* **PROBLEM STATEMENT**:
Identify each line in the records below that contains the word "assumes", and copy it.

[RECORD SET]

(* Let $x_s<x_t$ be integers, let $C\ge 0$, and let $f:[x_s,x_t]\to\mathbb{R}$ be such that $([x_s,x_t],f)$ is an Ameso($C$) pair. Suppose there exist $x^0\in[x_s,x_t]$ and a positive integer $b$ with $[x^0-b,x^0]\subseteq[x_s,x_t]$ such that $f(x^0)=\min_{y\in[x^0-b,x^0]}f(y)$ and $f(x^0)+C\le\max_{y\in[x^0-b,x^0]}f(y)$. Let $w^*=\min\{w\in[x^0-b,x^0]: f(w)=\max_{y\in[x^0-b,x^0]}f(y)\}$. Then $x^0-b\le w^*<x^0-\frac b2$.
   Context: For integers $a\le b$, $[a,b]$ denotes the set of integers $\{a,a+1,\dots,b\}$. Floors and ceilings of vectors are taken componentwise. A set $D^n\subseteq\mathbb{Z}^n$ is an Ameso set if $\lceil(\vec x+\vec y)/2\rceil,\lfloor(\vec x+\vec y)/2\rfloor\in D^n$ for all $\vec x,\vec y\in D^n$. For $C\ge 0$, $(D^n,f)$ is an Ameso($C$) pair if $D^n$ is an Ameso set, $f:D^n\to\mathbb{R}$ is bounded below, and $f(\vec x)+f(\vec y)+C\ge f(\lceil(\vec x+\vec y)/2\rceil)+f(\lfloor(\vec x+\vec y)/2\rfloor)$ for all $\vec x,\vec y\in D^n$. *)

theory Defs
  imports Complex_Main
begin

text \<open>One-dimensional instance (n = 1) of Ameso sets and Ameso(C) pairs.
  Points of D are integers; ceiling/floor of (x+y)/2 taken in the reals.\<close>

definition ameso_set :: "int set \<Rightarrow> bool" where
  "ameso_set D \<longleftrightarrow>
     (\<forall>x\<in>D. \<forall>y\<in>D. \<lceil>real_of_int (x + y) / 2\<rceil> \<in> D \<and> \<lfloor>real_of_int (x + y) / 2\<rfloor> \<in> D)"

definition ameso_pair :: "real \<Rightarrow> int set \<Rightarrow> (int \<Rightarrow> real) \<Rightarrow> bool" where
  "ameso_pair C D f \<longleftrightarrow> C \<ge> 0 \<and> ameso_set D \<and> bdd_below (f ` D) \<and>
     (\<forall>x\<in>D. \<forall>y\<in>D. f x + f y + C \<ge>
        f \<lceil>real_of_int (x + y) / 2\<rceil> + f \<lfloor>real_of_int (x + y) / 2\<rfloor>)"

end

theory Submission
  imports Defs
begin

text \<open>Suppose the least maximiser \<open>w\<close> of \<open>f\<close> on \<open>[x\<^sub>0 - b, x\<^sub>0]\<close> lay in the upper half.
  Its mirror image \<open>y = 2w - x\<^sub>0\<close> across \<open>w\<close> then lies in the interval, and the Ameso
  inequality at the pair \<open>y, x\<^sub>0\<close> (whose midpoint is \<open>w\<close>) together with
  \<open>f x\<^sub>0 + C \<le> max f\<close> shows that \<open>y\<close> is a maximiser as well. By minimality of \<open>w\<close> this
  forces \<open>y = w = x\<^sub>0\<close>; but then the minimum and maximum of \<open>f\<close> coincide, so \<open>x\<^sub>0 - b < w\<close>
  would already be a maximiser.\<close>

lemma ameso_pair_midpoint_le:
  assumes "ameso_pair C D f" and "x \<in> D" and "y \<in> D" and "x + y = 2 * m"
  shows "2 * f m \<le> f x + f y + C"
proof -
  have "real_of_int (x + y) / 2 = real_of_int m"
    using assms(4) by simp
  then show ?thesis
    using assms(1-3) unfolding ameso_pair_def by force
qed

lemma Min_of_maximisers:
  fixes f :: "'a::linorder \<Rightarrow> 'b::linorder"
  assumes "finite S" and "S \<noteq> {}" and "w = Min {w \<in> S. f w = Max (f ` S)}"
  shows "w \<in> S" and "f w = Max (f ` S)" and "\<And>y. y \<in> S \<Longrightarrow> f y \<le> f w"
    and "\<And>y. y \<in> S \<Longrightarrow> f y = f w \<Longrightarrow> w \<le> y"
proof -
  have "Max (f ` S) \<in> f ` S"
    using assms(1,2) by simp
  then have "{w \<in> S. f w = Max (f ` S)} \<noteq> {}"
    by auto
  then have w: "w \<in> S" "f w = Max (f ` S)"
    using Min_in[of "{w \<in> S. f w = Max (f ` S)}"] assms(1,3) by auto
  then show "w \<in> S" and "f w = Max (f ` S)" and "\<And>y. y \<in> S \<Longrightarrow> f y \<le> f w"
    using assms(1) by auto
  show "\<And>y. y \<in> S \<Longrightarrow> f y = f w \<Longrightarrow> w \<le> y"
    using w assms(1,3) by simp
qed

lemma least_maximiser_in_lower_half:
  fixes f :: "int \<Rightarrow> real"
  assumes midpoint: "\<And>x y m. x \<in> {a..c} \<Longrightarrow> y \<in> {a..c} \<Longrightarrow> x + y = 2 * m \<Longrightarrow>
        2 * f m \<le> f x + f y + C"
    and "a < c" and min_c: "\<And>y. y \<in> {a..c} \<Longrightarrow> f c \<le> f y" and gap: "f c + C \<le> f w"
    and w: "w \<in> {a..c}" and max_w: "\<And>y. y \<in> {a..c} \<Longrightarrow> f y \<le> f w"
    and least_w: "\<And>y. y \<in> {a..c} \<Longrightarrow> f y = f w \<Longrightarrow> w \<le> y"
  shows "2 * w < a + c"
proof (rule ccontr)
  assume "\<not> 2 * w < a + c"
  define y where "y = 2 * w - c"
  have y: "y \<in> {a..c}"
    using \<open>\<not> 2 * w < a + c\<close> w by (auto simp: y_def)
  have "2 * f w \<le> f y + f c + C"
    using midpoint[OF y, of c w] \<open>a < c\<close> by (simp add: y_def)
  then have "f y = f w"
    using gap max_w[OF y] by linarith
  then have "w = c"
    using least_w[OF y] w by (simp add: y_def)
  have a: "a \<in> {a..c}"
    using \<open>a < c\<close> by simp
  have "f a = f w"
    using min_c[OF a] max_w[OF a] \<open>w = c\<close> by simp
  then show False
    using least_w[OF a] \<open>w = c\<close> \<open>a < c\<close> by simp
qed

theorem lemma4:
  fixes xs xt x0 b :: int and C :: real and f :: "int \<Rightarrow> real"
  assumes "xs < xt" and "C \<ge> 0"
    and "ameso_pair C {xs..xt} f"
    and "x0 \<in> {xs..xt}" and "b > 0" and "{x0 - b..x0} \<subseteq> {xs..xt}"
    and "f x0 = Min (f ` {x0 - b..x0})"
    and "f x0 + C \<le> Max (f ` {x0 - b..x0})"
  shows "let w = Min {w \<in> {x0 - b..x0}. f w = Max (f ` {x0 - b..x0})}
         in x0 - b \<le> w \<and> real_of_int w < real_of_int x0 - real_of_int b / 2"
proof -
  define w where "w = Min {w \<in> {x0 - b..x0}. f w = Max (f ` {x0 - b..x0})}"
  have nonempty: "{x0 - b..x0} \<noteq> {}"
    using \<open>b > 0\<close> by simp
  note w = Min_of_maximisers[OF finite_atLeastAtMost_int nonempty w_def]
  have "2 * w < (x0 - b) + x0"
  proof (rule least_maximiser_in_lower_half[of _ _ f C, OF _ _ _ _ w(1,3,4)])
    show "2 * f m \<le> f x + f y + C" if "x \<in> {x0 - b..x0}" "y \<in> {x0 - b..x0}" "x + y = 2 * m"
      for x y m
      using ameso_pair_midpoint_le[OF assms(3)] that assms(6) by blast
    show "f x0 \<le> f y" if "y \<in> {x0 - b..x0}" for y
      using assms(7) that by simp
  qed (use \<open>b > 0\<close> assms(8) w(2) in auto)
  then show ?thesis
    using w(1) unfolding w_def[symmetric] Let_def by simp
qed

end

[/RECORD SET]
[RECORD SET]

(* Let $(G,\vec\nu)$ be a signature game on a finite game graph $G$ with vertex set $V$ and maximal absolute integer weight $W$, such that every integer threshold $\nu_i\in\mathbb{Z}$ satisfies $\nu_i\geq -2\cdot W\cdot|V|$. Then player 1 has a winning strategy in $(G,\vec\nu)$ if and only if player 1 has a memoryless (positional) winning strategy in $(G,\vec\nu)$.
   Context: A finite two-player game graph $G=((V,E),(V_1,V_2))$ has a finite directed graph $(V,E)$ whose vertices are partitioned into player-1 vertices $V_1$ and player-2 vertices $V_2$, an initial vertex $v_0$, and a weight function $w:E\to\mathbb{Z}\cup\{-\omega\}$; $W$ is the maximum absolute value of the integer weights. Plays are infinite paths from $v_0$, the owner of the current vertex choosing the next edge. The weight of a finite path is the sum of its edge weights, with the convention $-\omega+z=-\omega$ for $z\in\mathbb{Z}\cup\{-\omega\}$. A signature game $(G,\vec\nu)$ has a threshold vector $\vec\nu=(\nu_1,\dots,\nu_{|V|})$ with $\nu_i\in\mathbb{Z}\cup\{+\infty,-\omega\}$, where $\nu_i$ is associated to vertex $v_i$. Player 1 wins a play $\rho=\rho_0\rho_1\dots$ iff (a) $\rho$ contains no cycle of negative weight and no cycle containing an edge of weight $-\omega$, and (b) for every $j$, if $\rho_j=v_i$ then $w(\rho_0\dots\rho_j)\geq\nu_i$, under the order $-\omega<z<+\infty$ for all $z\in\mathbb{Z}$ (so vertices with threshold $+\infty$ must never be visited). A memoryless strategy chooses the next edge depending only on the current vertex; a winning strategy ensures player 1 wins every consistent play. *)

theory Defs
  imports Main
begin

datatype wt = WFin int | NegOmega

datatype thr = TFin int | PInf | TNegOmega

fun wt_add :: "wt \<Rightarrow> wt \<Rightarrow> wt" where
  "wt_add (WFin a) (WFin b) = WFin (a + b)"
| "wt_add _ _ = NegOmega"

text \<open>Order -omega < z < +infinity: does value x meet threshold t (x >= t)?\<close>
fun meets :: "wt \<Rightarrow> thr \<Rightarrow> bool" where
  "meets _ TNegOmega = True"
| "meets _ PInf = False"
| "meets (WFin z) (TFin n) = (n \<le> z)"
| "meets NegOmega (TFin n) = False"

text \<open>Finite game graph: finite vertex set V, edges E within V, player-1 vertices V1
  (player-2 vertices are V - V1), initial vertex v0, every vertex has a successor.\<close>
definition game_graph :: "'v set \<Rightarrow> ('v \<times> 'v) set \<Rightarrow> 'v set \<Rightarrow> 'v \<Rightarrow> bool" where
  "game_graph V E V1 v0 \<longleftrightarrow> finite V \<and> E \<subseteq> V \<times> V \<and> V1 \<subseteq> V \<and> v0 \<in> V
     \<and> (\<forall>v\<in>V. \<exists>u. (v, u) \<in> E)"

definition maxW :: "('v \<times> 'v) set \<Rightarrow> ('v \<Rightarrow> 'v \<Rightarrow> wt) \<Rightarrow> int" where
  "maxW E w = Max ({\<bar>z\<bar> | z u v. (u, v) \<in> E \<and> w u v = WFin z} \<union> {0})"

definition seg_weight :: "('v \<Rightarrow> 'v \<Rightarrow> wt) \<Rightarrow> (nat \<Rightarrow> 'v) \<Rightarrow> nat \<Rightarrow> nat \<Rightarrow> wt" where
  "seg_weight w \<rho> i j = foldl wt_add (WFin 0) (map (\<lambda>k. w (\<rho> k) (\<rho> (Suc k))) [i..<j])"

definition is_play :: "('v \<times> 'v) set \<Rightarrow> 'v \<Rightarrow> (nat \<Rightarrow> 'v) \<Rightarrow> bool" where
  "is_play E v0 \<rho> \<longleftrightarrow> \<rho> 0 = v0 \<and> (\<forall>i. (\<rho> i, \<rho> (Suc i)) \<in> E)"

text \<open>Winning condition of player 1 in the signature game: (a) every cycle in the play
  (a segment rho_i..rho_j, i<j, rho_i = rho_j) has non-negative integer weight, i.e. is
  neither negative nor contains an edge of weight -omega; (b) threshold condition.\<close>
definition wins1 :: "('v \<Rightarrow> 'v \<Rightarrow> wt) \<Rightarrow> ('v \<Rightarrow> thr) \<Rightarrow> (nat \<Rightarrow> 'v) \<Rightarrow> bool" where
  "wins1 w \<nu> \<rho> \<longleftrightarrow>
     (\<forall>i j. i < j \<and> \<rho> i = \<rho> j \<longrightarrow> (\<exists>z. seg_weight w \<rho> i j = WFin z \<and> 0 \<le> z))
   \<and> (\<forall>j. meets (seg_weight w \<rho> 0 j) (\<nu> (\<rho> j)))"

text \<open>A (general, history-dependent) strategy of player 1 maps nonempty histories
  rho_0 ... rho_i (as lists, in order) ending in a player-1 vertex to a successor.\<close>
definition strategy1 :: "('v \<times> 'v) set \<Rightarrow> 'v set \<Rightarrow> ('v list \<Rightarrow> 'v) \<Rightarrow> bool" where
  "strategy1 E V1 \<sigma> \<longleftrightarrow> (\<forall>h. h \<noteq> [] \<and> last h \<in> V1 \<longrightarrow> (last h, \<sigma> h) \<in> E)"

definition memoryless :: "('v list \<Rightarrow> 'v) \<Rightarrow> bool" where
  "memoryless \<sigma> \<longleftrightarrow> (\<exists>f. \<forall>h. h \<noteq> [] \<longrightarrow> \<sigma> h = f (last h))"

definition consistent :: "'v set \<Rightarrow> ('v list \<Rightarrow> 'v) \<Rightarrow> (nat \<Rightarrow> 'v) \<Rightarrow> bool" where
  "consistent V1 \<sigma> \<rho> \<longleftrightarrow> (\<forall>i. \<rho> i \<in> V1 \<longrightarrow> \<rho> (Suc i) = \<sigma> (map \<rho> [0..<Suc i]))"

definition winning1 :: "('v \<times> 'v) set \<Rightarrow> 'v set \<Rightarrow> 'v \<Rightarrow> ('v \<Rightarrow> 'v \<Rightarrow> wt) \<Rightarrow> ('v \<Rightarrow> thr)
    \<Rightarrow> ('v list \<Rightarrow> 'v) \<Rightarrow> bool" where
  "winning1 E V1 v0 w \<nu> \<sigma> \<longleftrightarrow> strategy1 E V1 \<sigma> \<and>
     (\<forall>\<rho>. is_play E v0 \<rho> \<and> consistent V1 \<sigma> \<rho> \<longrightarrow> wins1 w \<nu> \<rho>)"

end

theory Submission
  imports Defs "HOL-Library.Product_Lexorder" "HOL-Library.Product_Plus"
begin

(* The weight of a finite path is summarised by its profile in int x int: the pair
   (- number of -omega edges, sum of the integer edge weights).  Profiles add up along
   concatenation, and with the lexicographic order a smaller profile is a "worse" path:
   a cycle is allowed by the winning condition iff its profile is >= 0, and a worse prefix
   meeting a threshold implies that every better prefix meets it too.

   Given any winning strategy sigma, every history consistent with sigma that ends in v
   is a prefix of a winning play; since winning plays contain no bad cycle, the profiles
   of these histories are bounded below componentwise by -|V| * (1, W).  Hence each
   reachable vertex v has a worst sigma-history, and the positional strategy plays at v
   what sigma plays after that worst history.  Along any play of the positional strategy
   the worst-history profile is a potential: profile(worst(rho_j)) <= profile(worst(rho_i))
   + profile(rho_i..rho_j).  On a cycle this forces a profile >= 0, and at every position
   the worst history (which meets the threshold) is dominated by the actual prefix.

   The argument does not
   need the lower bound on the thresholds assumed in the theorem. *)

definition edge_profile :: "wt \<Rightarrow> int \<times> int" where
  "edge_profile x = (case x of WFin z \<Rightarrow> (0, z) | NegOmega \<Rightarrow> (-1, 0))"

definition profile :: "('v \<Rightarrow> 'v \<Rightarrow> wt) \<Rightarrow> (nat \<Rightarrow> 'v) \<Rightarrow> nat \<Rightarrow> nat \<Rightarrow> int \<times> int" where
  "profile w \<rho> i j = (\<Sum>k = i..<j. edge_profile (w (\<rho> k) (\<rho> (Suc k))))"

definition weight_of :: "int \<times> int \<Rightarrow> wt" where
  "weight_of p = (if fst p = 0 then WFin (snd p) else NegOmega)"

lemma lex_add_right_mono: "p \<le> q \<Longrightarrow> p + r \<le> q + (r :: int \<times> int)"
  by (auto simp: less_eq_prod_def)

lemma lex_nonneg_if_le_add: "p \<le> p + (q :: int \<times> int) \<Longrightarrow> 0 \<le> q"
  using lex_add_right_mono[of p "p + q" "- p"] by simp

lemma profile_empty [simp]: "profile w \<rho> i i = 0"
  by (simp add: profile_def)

[/RECORD SET]

* **EXERCISE RESULT**:
  assumes "ameso_pair C D f" and "x \<in> D" and "y \<in> D" and "x + y = 2 * m"
  assumes "finite S" and "S \<noteq> {}" and "w = Min {w \<in> S. f w = Max (f ` S)}"
  assumes midpoint: "\<And>x y m. x \<in> {a..c} \<Longrightarrow> y \<in> {a..c} \<Longrightarrow> x + y = 2 * m \<Longrightarrow>
  assumes "xs < xt" and "C \<ge> 0"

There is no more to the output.